definition deviation :: "'d::finite \<Rightarrow> 'd \<Rightarrow> nat set \<Rightarrow> (nat \<Rightarrow> real^'d) \<Rightarrow> real" where
  "deviation i j K x = (\<Sum>k\<in>K. incr_prod i j k x) - real (card K) * incr_mean i j"

lemma deviation_tail_bound:
  assumes K: "K \<subseteq> {k. Suc k < m}" and disj: "disjoint_family_on (\<lambda>k. {k, Suc k}) K"
    and "K \<noteq> {}" and "t \<ge> 0"
  shows "measure (sample_space m :: (nat \<Rightarrow> real^'d::finite) measure)
           {x \<in> space (sample_space m). t \<le> \<bar>deviation i j K x\<bar>}
         \<le> 2 * exp (- t\<^sup>2 / (2 * real (card K)))"
proof -
  let ?M = "sample_space m :: (nat \<Rightarrow> real^'d) measure"
  have fin: "finite K" using K by (intro finite_subset[OF _ finite_lessThan[of m]]) auto
  interpret M: prob_space ?M by (rule prob_space_sample_space)
  interpret H: Hoeffding_ineq ?M K "\<lambda>k. incr_prod i j k" "\<lambda>_. -1" "\<lambda>_. 1"
      "\<Sum>k\<in>K. integral\<^sup>L ?M (incr_prod i j k)"
  proof unfold_locales
    show "M.indep_vars (\<lambda>_. borel) (\<lambda>k. incr_prod i j k) K"
      by (rule indep_incr_prod[OF K \<open>K \<noteq> {}\<close> disj])
    show "AE x in ?M. incr_prod i j k x \<in> {-1..1}" if "k \<in> K" for k
      using that K by (intro AE_incr_prod_bounded) auto
  qed (rule fin)
  have mean: "(\<Sum>k\<in>K. integral\<^sup>L ?M (incr_prod i j k)) = real (card K) * incr_mean i j"
    using K by (simp add: expectation_incr_prod subset_eq)
  have "(\<Sum>k\<in>K. (1 - (-1::real))\<^sup>2) > 0"
    using fin \<open>K \<noteq> {}\<close> by (simp add: card_gt_0_iff)
  from H.Hoeffding_ineq_abs_ge[OF \<open>t \<ge> 0\<close> this]
  show ?thesis by (simp add: deviation_def mean)
qed

section \<open>From concentrated entries to a lower bound on the Gram matrix\<close>

lemma sum_A_row_inner_sq:
  "(\<Sum>k\<in>K. (A_row x k \<bullet> z)\<^sup>2)
     = 4 * (\<Sum>i\<in>UNIV. \<Sum>j\<in>UNIV. z $ i * z $ j * (\<Sum>k\<in>K. incr_prod i j k x))"
proof -
  have sq: "(A_row x k \<bullet> z)\<^sup>2 = 4 * (\<Sum>i\<in>UNIV. \<Sum>j\<in>UNIV. z $ i * z $ j * incr_prod i j k x)" for k
  proof -
    have "A_row x k \<bullet> z = 2 * (\<Sum>i\<in>UNIV. (x k $ i - x (Suc k) $ i) * z $ i)"
      by (simp add: A_row_def inner_vec_def sum_distrib_left mult_ac)
    then show ?thesis
      by (simp add: power2_eq_square sum_product incr_prod_def mult_ac)
  qed
  have "(\<Sum>k\<in>K. \<Sum>i\<in>UNIV. \<Sum>j\<in>UNIV. z $ i * z $ j * incr_prod i j k x)
      = (\<Sum>i\<in>UNIV. \<Sum>j\<in>UNIV. \<Sum>k\<in>K. z $ i * z $ j * incr_prod i j k x)"
    by (subst sum.swap) (simp add: sum.swap[of _ K])
  then show ?thesis
    by (simp add: sq sum_distrib_left[symmetric])
qed

lemma norm_square_vec: "(norm (z :: real^'d::finite))\<^sup>2 = (\<Sum>i\<in>UNIV. (z $ i)\<^sup>2)"
  unfolding power2_norm_eq_inner inner_vec_def by (simp add: power2_eq_square)

text \<open>A quadratic form whose coefficients are bounded by \<open>s\<close> is bounded by \<open>s d \<parallel>z\<parallel>\<^sup>2\<close>,
  since \<open>(\<Sum>\<^sub>i \<bar>z\<^sub>i\<bar>)\<^sup>2 \<le> d \<parallel>z\<parallel>\<^sup>2\<close> by Cauchy--Schwarz.\<close>
lemma quadratic_form_entrywise_bound:
  fixes z :: "real^'d::finite"
  assumes E: "\<And>i j. \<bar>E i j\<bar> \<le> s"
  shows "\<bar>\<Sum>i\<in>UNIV. \<Sum>j\<in>UNIV. z $ i * z $ j * E i j\<bar> \<le> s * real CARD('d) * (norm z)\<^sup>2"
proof -
  have s: "s \<ge> 0" using E abs_ge_zero order_trans by blast
  have "\<bar>\<Sum>i\<in>UNIV. \<Sum>j\<in>UNIV. z $ i * z $ j * E i j\<bar>
      \<le> (\<Sum>i\<in>UNIV. \<Sum>j\<in>UNIV. \<bar>z $ i\<bar> * \<bar>z $ j\<bar> * s)"
    by (rule order_trans[OF sum_abs], intro sum_mono order_trans[OF sum_abs])
       (simp add: abs_mult mult_left_mono E)
  also have "\<dots> = s * (\<Sum>i\<in>UNIV. \<bar>z $ i\<bar>)\<^sup>2"
    by (simp add: power2_eq_square sum_product sum_distrib_left mult_ac)
  also have "\<dots> \<le> s * (real CARD('d) * (\<Sum>i\<in>UNIV. (z $ i)\<^sup>2))"
    using Cauchy_Schwarz_ineq_sum[of "\<lambda>_. 1" "\<lambda>i. \<bar>z $ i\<bar>" UNIV] s
    by (intro mult_left_mono) simp_all
  finally show ?thesis by (simp add: norm_square_vec mult_ac)
qed

text \<open>Deterministic core: if every entry of \<open>A\<^sup>TA/4\<close> is within \<open>(m-1)/(12d)\<close> of its mean
  \<open>(m-1) I/6\<close>, then \<open>\<parallel>A z\<parallel>\<^sup>2 \<ge> 4 ((m-1)/6 - (m-1)/12) \<parallel>z\<parallel>\<^sup>2 = (m-1)/3 \<parallel>z\<parallel>\<^sup>2\<close>.\<close>
lemma concentration_imp_gram_lower:
  fixes x :: "nat \<Rightarrow> real^'d::finite"
  assumes m: "m \<ge> 2"
    and dev: "\<And>i j. \<bar>deviation i j {..<m-1} x\<bar> \<le> real (m-1) / (12 * real CARD('d))"
  shows "gram_lower (3 / (real m - 1)) m x"
  unfolding gram_lower_def
proof
  fix z :: "real^'d"
  define n where "n = real (m - 1)"
  have n: "n > 0" "real m - 1 = n" using m by (auto simp: n_def)
  define Q where "Q E = (\<Sum>i\<in>UNIV. \<Sum>j\<in>UNIV. z $ i * z $ j * E i j)" for E :: "'d \<Rightarrow> 'd \<Rightarrow> real"
  have entries: "(\<Sum>k<m-1. incr_prod i j k x) = n * incr_mean i j + deviation i j {..<m-1} x" for i j
    by (simp add: deviation_def n_def)
  have "(\<Sum>k<m-1. (A_row x k \<bullet> z)\<^sup>2) = 4 * Q (\<lambda>i j. n * incr_mean i j + deviation i j {..<m-1} x)"
    by (simp only: sum_A_row_inner_sq Q_def entries)
  also have "\<dots> = 4 * Q (\<lambda>i j. n * incr_mean i j) + 4 * Q (\<lambda>i j. deviation i j {..<m-1} x)"
    by (simp add: Q_def distrib_left sum.distrib)
  also have "Q (\<lambda>i j. n * incr_mean i j) = n / 6 * (norm z)\<^sup>2"
    unfolding Q_def incr_mean_def norm_square_vec
    by (simp add: sum_distrib_left power2_eq_square if_distrib[of "(*) _"] mult_ac cong: if_cong)
  finally have split: "(\<Sum>k<m-1. (A_row x k \<bullet> z)\<^sup>2)
      = 4 * (n / 6 * (norm z)\<^sup>2) + 4 * Q (\<lambda>i j. deviation i j {..<m-1} x)" .
  have "\<bar>Q (\<lambda>i j. deviation i j {..<m-1} x)\<bar> \<le> n / 12 * (norm z)\<^sup>2"
    using quadratic_form_entrywise_bound[of "\<lambda>i j. deviation i j {..<m-1} x", OF dev, of z]
    by (simp add: Q_def n_def)
  then have "(\<Sum>k<m-1. (A_row x k \<bullet> z)\<^sup>2) \<ge> n / 3 * (norm z)\<^sup>2"
    unfolding split by linarith
  then show "(norm z)\<^sup>2 \<le> 3 / (real m - 1) * (\<Sum>k<m-1. (A_row x k \<bullet> z)\<^sup>2)"
    using n by (simp add: field_simps)
qed
lemma bspl_pos:
  assumes "sorted t" "j + q + 1 < length t" "x \<notin> set t" "t ! j < x" "x < t ! (j + q + 1)"
  shows "0 < bspl t q j x"
  using assms(2,4,5)
proof (induction q arbitrary: j)
  case (Suc q)
  have mono: "t ! (j + 1) \<le> t ! (j + q + 1)"
    using Suc.prems(1) assms(1) by (auto intro: sorted_nth_mono)
  note terms = bspl_terms_nonneg[OF assms(1), of j q x]
  have nonneg: "0 \<le> bspl t q j x" "0 \<le> bspl t q (j + 1) x"
    using bspl_nonneg[OF assms(1)] Suc.prems(1) by simp_all
  have "x \<noteq> t ! (j + q + 1)" using assms(3) Suc.prems(1) by auto
  then consider "x < t ! (j + q + 1)" | "t ! (j + q + 1) < x" by linarith
  then show ?case
  proof cases
    case 1
    then have "0 < (x - t ! j) / (t ! (j + q + 1) - t ! j) * bspl t q j x"
      using Suc.IH[of j] Suc.prems by (intro mult_pos_pos) auto
    then show ?thesis using terms(2) nonneg Suc.prems(1) by simp
  next
    case 2
    then have "0 < (t ! (j + q + 2) - x) / (t ! (j + q + 2) - t ! (j + 1)) * bspl t q (j + 1) x"
      using Suc.IH[of "j + 1"] Suc.prems mono by (intro mult_pos_pos) auto
    then show ?thesis using terms(1) nonneg Suc.prems(1) by simp
  qed
qed auto

lemma exists_Ioo_avoiding_finite_near:
  fixes lo hi y d :: real
  assumes "lo < hi" "lo \<le> y" "y \<le> hi" "d > 0" "finite F"
  shows "\<exists>u. lo < u \<and> u < hi \<and> u \<notin> F \<and> \<bar>u - y\<bar> < d"
proof -
  have lt: "max lo (y - d) < min hi (y + d)" using assms by auto
  have "infinite ({max lo (y - d)<..<min hi (y + d)} - F)"
    using infinite_Ioo[OF lt] assms(5) by (metis Diff_infinite_finite)
  then obtain u where "u \<in> {max lo (y - d)<..<min hi (y + d)} - F"
    by (metis ex_in_conv finite.emptyI)
  then show ?thesis by auto
qed
(* Let $\Gamma:\Delta_{\mathcal{Y}}\rightrightarrows\mathbb{R}^d$ be an elicitable property. The following are equivalent: (1) $\Gamma$ embeds an elicitable finite property $\gamma:\Delta_{\mathcal{Y}}\rightrightarrows\mathcal{R}$; (2) $\mathrm{trim}(\Gamma)$ is a finite set; (3) there is a finite minimum representative set $\mathcal{U}$ for $\Gamma$; (4) there is a finite set $\hat\Theta$ of full-dimensional level sets of $\Gamma$ with $\bigcup\hat\Theta=\Delta_{\mathcal{Y}}$. Moreover, when any of these holds, $\mathrm{trim}(\gamma)=\mathrm{trim}(\Gamma)=\{\Gamma_u:u\in\mathcal{U}\}=\hat\Theta$.
   Context: $\mathcal{Y}$ is a finite label set, $\Delta_{\mathcal{Y}}$ the probability simplex. A property $\Gamma:\Delta_{\mathcal{Y}}\rightrightarrows\mathcal{R}$ maps each $p$ to a nonempty subset of $\mathcal{R}$; it is finite if $\mathcal{R}$ is finite; its level sets are $\Gamma_r=\{p:r\in\Gamma(p)\}$. $\Gamma$ is elicitable if there is a loss $L:\mathcal{R}\to\mathbb{R}^{\mathcal{Y}}_+$ with $\Gamma(p)=\arg\min_r\langle p,L(r)\rangle$ for all $p$ (minimum attained). $\mathcal{S}\subseteq\mathcal{R}$ is representative for $\Gamma$ if $\Gamma(p)\cap\mathcal{S}\neq\emptyset$ for all $p$; minimum representative if it has smallest cardinality among representative sets. A level set is full-dimensional if its affine hull has dimension $|\mathcal{Y}|-1$. $\mathrm{red}(\Gamma)=\{r:\exists r',\ \Gamma_r\subsetneq\Gamma_{r'}\}$ and $\mathrm{trim}(\Gamma)=\{\Gamma_r:r\in\mathcal{R}\setminus\mathrm{red}(\Gamma)\}$. $\Gamma:\Delta_{\mathcal{Y}}\rightrightarrows\mathbb{R}^d$ embeds a finite property $\gamma:\Delta_{\mathcal{Y}}\rightrightarrows\mathcal{R}$ if there exist a representative set $\mathcal{S}\subseteq\mathcal{R}$ for $\gamma$ and an injective $\varphi:\mathcal{S}\to\mathbb{R}^d$ with $\gamma_s=\Gamma_{\varphi(s)}$ for all $s\in\mathcal{S}$. *)

theory Defs
  imports "HOL-Analysis.Analysis"
begin

definition prob_simplex :: "(real ^ 'y) set" where
  "prob_simplex = {p. (\<forall>y. 0 \<le> p $ y) \<and> (\<Sum>y\<in>UNIV. p $ y) = 1}"

definition level :: "(real ^ 'y \<Rightarrow> 'r set) \<Rightarrow> 'r \<Rightarrow> (real ^ 'y) set" where
  "level G r = {p \<in> prob_simplex. r \<in> G p}"

definition elicitable :: "'r set \<Rightarrow> (real ^ 'y \<Rightarrow> 'r set) \<Rightarrow> bool" where
  "elicitable R G \<longleftrightarrow> (\<exists>L :: 'r \<Rightarrow> real ^ 'y.
      (\<forall>r\<in>R. \<forall>y. 0 \<le> L r $ y) \<and>
      (\<forall>p\<in>prob_simplex. G p = {r\<in>R. \<forall>r'\<in>R. p \<bullet> L r \<le> p \<bullet> L r'} \<and> G p \<noteq> {}))"

definition representative :: "'r set \<Rightarrow> (real ^ 'y \<Rightarrow> 'r set) \<Rightarrow> 'r set \<Rightarrow> bool" where
  "representative R G S \<longleftrightarrow> S \<subseteq> R \<and> (\<forall>p\<in>prob_simplex. G p \<inter> S \<noteq> {})"

text \<open>Minimum representative: representative, and of cardinality at most that of every
  representative set (|S| \<le> |S'| means an injection S \<rightarrow> S').\<close>
definition min_representative :: "'r set \<Rightarrow> (real ^ 'y \<Rightarrow> 'r set) \<Rightarrow> 'r set \<Rightarrow> bool" where
  "min_representative R G S \<longleftrightarrow> representative R G S \<and>
     (\<forall>S'. representative R G S' \<longrightarrow> (\<exists>f. inj_on f S \<and> f ` S \<subseteq> S'))"

definition full_dim :: "(real ^ 'y) set \<Rightarrow> bool" where
  "full_dim A \<longleftrightarrow> aff_dim A = int CARD('y) - 1"

definition red :: "'r set \<Rightarrow> (real ^ 'y \<Rightarrow> 'r set) \<Rightarrow> 'r set" where
  "red R G = {r\<in>R. \<exists>r'\<in>R. level G r \<subset> level G r'}"

definition trim :: "'r set \<Rightarrow> (real ^ 'y \<Rightarrow> 'r set) \<Rightarrow> (real ^ 'y) set set" where
  "trim R G = level G ` (R - red R G)"
definition scale :: "real \<Rightarrow> real \<Rightarrow> int" where
  "scale \<gamma> x = \<lceil>log \<gamma> x\<rceil>"

definition Pv :: "'a set \<Rightarrow> ('a \<Rightarrow> 'a \<Rightarrow> real) \<Rightarrow> real \<Rightarrow> nat \<Rightarrow> 'a \<Rightarrow> nat" where
  "Pv V d \<gamma> k v = card {u \<in> V. \<gamma> ^ (k - 1) < d v u \<and> d v u \<le> \<gamma> ^ k}"

definition coherent ::
  "'a set \<Rightarrow> ('a \<Rightarrow> 'a \<Rightarrow> real) \<Rightarrow> real \<Rightarrow> real \<Rightarrow> real \<Rightarrow> real \<Rightarrow> real \<Rightarrow> bool" where
  "coherent V d \<gamma> A \<alpha> \<phi> lam \<longleftrightarrow> geometry V d \<and> \<gamma> > 1 \<and> A > 1 \<and> \<alpha> > 0 \<and>
     (\<forall>v\<in>V. \<forall>k\<in>{1..Kmax \<gamma> (card V)}.
        \<alpha> * \<gamma> ^ k \<le> real (Pv V d \<gamma> k v) \<and> real (Pv V d \<gamma> k v) \<le> A * \<gamma> ^ k) \<and>
     \<phi> > 0 \<and> 0 < lam \<and> lam < 1 \<and>
     (\<forall>v\<in>V. \<forall>t\<in>V. v \<noteq> t \<longrightarrow>
        real (card {u \<in> V. d v u \<le> \<gamma> powr (real_of_int (scale \<gamma> (d v t))) \<and>
                           d u t \<le> lam * d v t})
        \<ge> \<phi> * \<gamma> powr (real_of_int (scale \<gamma> (d v t))))"

definition coherent_cost_geometry ::
  "'a set \<Rightarrow> ('a \<Rightarrow> 'a \<Rightarrow> real) \<Rightarrow> (nat \<Rightarrow> real) \<Rightarrow> real \<Rightarrow> real \<Rightarrow> real \<Rightarrow> real \<Rightarrow> real \<Rightarrow> bool" where
  "coherent_cost_geometry V d c \<gamma> A \<alpha> \<phi> lam \<longleftrightarrow>
     coherent V d \<gamma> A \<alpha> \<phi> lam \<and> (\<forall>k\<in>{1..Kmax \<gamma> (card V)}. c k > 0)"

definition pk :: "'a set \<Rightarrow> ('a \<Rightarrow> 'a \<Rightarrow> real) \<Rightarrow> real \<Rightarrow> nat \<Rightarrow> real" where
  "pk V d \<gamma> k = ((1/2) * (\<Sum>v\<in>V. real (Pv V d \<gamma> k v))) / real (card V)"

definition gfun :: "'a set \<Rightarrow> ('a \<Rightarrow> 'a \<Rightarrow> real) \<Rightarrow> (nat \<Rightarrow> real) \<Rightarrow> real \<Rightarrow> real \<Rightarrow> real" where
  "gfun V d c \<gamma> l = (\<Sum>k\<in>{1..Kmax \<gamma> (card V)}. c k * pk V d \<gamma> k / (1 + exp (l * c k)))"

definition Bbar :: "'a set \<Rightarrow> ('a \<Rightarrow> 'a \<Rightarrow> real) \<Rightarrow> (nat \<Rightarrow> real) \<Rightarrow> real \<Rightarrow> real" where
  "Bbar V d c \<gamma> = gfun V d c \<gamma> 0"

definition lamB :: "'a set \<Rightarrow> ('a \<Rightarrow> 'a \<Rightarrow> real) \<Rightarrow> (nat \<Rightarrow> real) \<Rightarrow> real \<Rightarrow> real \<Rightarrow> real" where
  "lamB V d c \<gamma> B =
     (if Bbar V d c \<gamma> \<le> B then 0 else THE l. 0 \<le> l \<and> gfun V d c \<gamma> l = B)"

definition Qstar :: "'a set \<Rightarrow> ('a \<Rightarrow> 'a \<Rightarrow> real) \<Rightarrow> (nat \<Rightarrow> real) \<Rightarrow> real \<Rightarrow> real \<Rightarrow> nat \<Rightarrow> real" where
  "Qstar V d c \<gamma> B k = 1 / (1 + exp (lamB V d c \<gamma> B * c k))"

definition lambda0 :: "'a set \<Rightarrow> ('a \<Rightarrow> 'a \<Rightarrow> real) \<Rightarrow> (nat \<Rightarrow> real) \<Rightarrow> real \<Rightarrow> real" where
  "lambda0 V d c \<gamma> = (let n = real (card V); K = Kmax \<gamma> (card V) in
     Min ((\<lambda>k. (1 / c k) * ln (n * ln (pk V d \<gamma> k) / (5 * real K * (ln n)^2))) ` {1..K}))"

definition B0 :: "'a set \<Rightarrow> ('a \<Rightarrow> 'a \<Rightarrow> real) \<Rightarrow> (nat \<Rightarrow> real) \<Rightarrow> real \<Rightarrow> real" where
  "B0 V d c \<gamma> = gfun V d c \<gamma> (lambda0 V d c \<gamma>)"

definition k_theta :: "real \<Rightarrow> real \<Rightarrow> real \<Rightarrow> nat \<Rightarrow> real" where
  "k_theta \<theta> \<alpha> \<gamma> n = (\<theta> * ln (ln (real n)) - ln \<alpha>) / ln \<gamma>"

definition lambda_theta ::
  "'a set \<Rightarrow> ('a \<Rightarrow> 'a \<Rightarrow> real) \<Rightarrow> (nat \<Rightarrow> real) \<Rightarrow> real \<Rightarrow> real \<Rightarrow> real \<Rightarrow> real" where
  "lambda_theta V d c \<gamma> \<alpha> \<theta> = (let n = card V in
     Min ((\<lambda>k. (ln (pk V d \<gamma> k) / c k) * (1 + \<theta> * ln (ln (real n)) / ln (pk V d \<gamma> k)))
          ` {k \<in> {1..Kmax \<gamma> n}. k_theta \<theta> \<alpha> \<gamma> n \<le> real k}))"

definition Bplus_theta ::
  "'a set \<Rightarrow> ('a \<Rightarrow> 'a \<Rightarrow> real) \<Rightarrow> (nat \<Rightarrow> real) \<Rightarrow> real \<Rightarrow> real \<Rightarrow> real \<Rightarrow> real" where
  "Bplus_theta V d c \<gamma> \<alpha> \<theta> =
     max (B0 V d c \<gamma>) (gfun V d c \<gamma> (lambda_theta V d c \<gamma> \<alpha> \<theta>))"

☆ ☆ ☆ ☆

◆ **Work required**
Return only the stretch of the material above from the line holding "a finite label" through the line holding "(\<forall>y. 0 \<le>", copied exactly.

◆ **Finished exercise**
   Context: $\mathcal{Y}$ is a finite label set, $\Delta_{\mathcal{Y}}$ the probability simplex. A property $\Gamma:\Delta_{\mathcal{Y}}\rightrightarrows\mathcal{R}$ maps each $p$ to a nonempty subset of $\mathcal{R}$; it is finite if $\mathcal{R}$ is finite; its level sets are $\Gamma_r=\{p:r\in\Gamma(p)\}$. $\Gamma$ is elicitable if there is a loss $L:\mathcal{R}\to\mathbb{R}^{\mathcal{Y}}_+$ with $\Gamma(p)=\arg\min_r\langle p,L(r)\rangle$ for all $p$ (minimum attained). $\mathcal{S}\subseteq\mathcal{R}$ is representative for $\Gamma$ if $\Gamma(p)\cap\mathcal{S}\neq\emptyset$ for all $p$; minimum representative if it has smallest cardinality among representative sets. A level set is full-dimensional if its affine hull has dimension $|\mathcal{Y}|-1$. $\mathrm{red}(\Gamma)=\{r:\exists r',\ \Gamma_r\subsetneq\Gamma_{r'}\}$ and $\mathrm{trim}(\Gamma)=\{\Gamma_r:r\in\mathcal{R}\setminus\mathrm{red}(\Gamma)\}$. $\Gamma:\Delta_{\mathcal{Y}}\rightrightarrows\mathbb{R}^d$ embeds a finite property $\gamma:\Delta_{\mathcal{Y}}\rightrightarrows\mathcal{R}$ if there exist a representative set $\mathcal{S}\subseteq\mathcal{R}$ for $\gamma$ and an injective $\varphi:\mathcal{S}\to\mathbb{R}^d$ with $\gamma_s=\Gamma_{\varphi(s)}$ for all $s\in\mathcal{S}$. *)

theory Defs
  imports "HOL-Analysis.Analysis"
begin

definition prob_simplex :: "(real ^ 'y) set" where
  "prob_simplex = {p. (\<forall>y. 0 \<le> p $ y) \<and> (\<Sum>y\<in>UNIV. p $ y) = 1}"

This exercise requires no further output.